Selon une étude du Spire Bristol Hospital menée sur un échantillon de 2000 personnes, l’âge moyen auquel les individus commencent à réellement se soucier de leur santé serait de 36 ans. Mais pourquoi cet âge précis ? Quelles sont les raisons qui poussent à cette prise de conscience ? L’analyse de Frédéric Pierru, sociologue de la santé, apporte un éclairage précieux sur ce phénomène.
La fin de la « jeunesse insouciante »
À 36 ans, beaucoup d’individus sortent progressivement de ce que l’on pourrait appeler la période de « jeunesse insouciante ». Cet âge marque souvent le début d’une prise de conscience de la vulnérabilité du corps et des risques pour la santé. Les marqueurs biologiques tels que l’hypertension, le cholestérol ou encore un début de diabète deviennent plus fréquents, entraînant un état de santé perçu comme moins optimal.
Cette perception peut être déclenchée par divers événements marquants, comme le décès d’un proche ou des avertissements de la part de professionnels de santé. Même des éléments plus quotidiens, comme une photo peu flatteuse ou une sensation de fatigue accrue, peuvent suffire à rappeler que la santé n’est pas éternelle.
Une prise de conscience, mais pas toujours une action
L’étude révèle également un paradoxe : bien que la prise de conscience de l’importance de la santé soit évidente pour de nombreuses personnes à cet âge, elle ne se traduit pas toujours par des changements concrets dans les modes de vie. Seulement 51% des répondants se déclarent enclins à prendre des mesures préventives, et moins de 40% pensent que se soucier de leur santé à long terme devrait primer sur une philosophie de vie centrée sur le carpe diem.
Cela soulève une question cruciale pour les politiques de santé publique : informer les individus sur l’importance de prendre soin de leur santé ne suffit pas à modifier leurs comportements. Il existe un décalage entre la connaissance des risques et la mise en place d’actions préventives.
Les défis des politiques de santé publique
Les résultats de cette étude remettent en question certaines hypothèses fondamentales des politiques de santé publique. L’idée selon laquelle il suffirait d’informer les individus pour qu’ils deviennent des « acteurs de leur santé » semble simpliste. La relation entre santé objective (mesurée par des indicateurs biologiques), santé perçue (le ressenti des individus) et comportements reste complexe et non linéaire.

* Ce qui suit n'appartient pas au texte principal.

(* Let $(z,z')$ be admissible and $t=zz'$. For every $\zeta\in\mathbb C$, $$\int_{-1}^1\Phi(t+1;\zeta x)\,\sigma^{(zz')}_1(dx)=\Phi(z+1;\zeta)\,\Phi(-z'+1;-\zeta)=\Phi(z'+1;\zeta)\,\Phi(-z+1;-\zeta),$$ where $\Phi(a;\zeta)={}_1F_1(a;2;\zeta)=\sum_{k\ge0}\frac{(a)_k}{(k+1)!\,k!}\zeta^k$.
   Context: $\sigma^{(zz')}_1$ is the first controlling measure of the spectral $z$-measure $P_{zz'}$; equivalently (and this characterizes it) it is the unique measure on $[-1,1]$ with moments $\int x^l\sigma^{(zz')}_1(dx)=\sum_{p+q=l,\ p,q\ge0}\frac{(-1)^q\,t\,(z+1)_p(-z+1)_q(z'+1)_p(-z'+1)_q}{(t)_{p+q+1}(p+q+1)p!q!}$ for $l=0,1,2,\dots$. Admissible parameters: either $z'=\bar z$, $z\notin\mathbb Z$, or $z,z'$ real in a common interval $(m,m+1)$, $m\in\mathbb Z$. $(a)_n=a(a+1)\cdots(a+n-1)$. *)

theory Defs
  imports "HOL-Analysis.Analysis"
begin

definition Phi :: "complex \<Rightarrow> complex \<Rightarrow> complex" where
  "Phi a \<zeta> = (\<Sum>k. pochhammer a k / (of_nat (fact (k+1)) * of_nat (fact k)) * \<zeta> ^ k)"

definition admissible :: "complex \<Rightarrow> complex \<Rightarrow> bool" where
  "admissible z z' \<longleftrightarrow>
     (z' = cnj z \<and> z \<notin> \<int>) \<or>
     (z \<in> \<real> \<and> z' \<in> \<real> \<and>
      (\<exists>m::int. of_int m < Re z \<and> Re z < of_int m + 1 \<and>
                 of_int m < Re z' \<and> Re z' < of_int m + 1))"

De nombreux facteurs, comme le stress, les contraintes professionnelles ou l’environnement social, influencent les décisions individuelles en matière de santé. Ainsi, même face à des alertes médicales ou des marqueurs biologiques inquiétants, les individus peuvent privilégier des comportements immédiats de plaisir ou de confort, plutôt que des actions à long terme pour préserver leur santé.
Pourquoi 36 ans est un tournant
À 36 ans, plusieurs facteurs convergent pour faire de cet âge une étape charnière :
- Le changement des priorités de vie : avec la maturité, les responsabilités familiales ou professionnelles peuvent pousser à réfléchir davantage aux impacts de ses choix de vie.
- Les signaux biologiques : fatigue accrue, prise de poids, ou autres signaux du corps qui rappellent que les excès ou le manque de soin commencent à se faire sentir.
- La confrontation avec la mortalité : le décès d’un proche ou des problèmes de santé dans l’entourage immédiat rappellent que nul n’est immortel.
Les résultats de cette étude mettent en évidence la nécessité pour les politiques de santé publique d’adopter une approche plus nuancée. Il ne s’agit pas seulement de fournir des informations, mais aussi de comprendre les blocages psychologiques et sociaux qui empêchent les individus de changer leur mode de vie. Une prévention plus personnalisée et axée sur les besoins réels des individus pourrait permettre de mieux accompagner cette prise de conscience qui, pour beaucoup, survient à partir de 36 ans.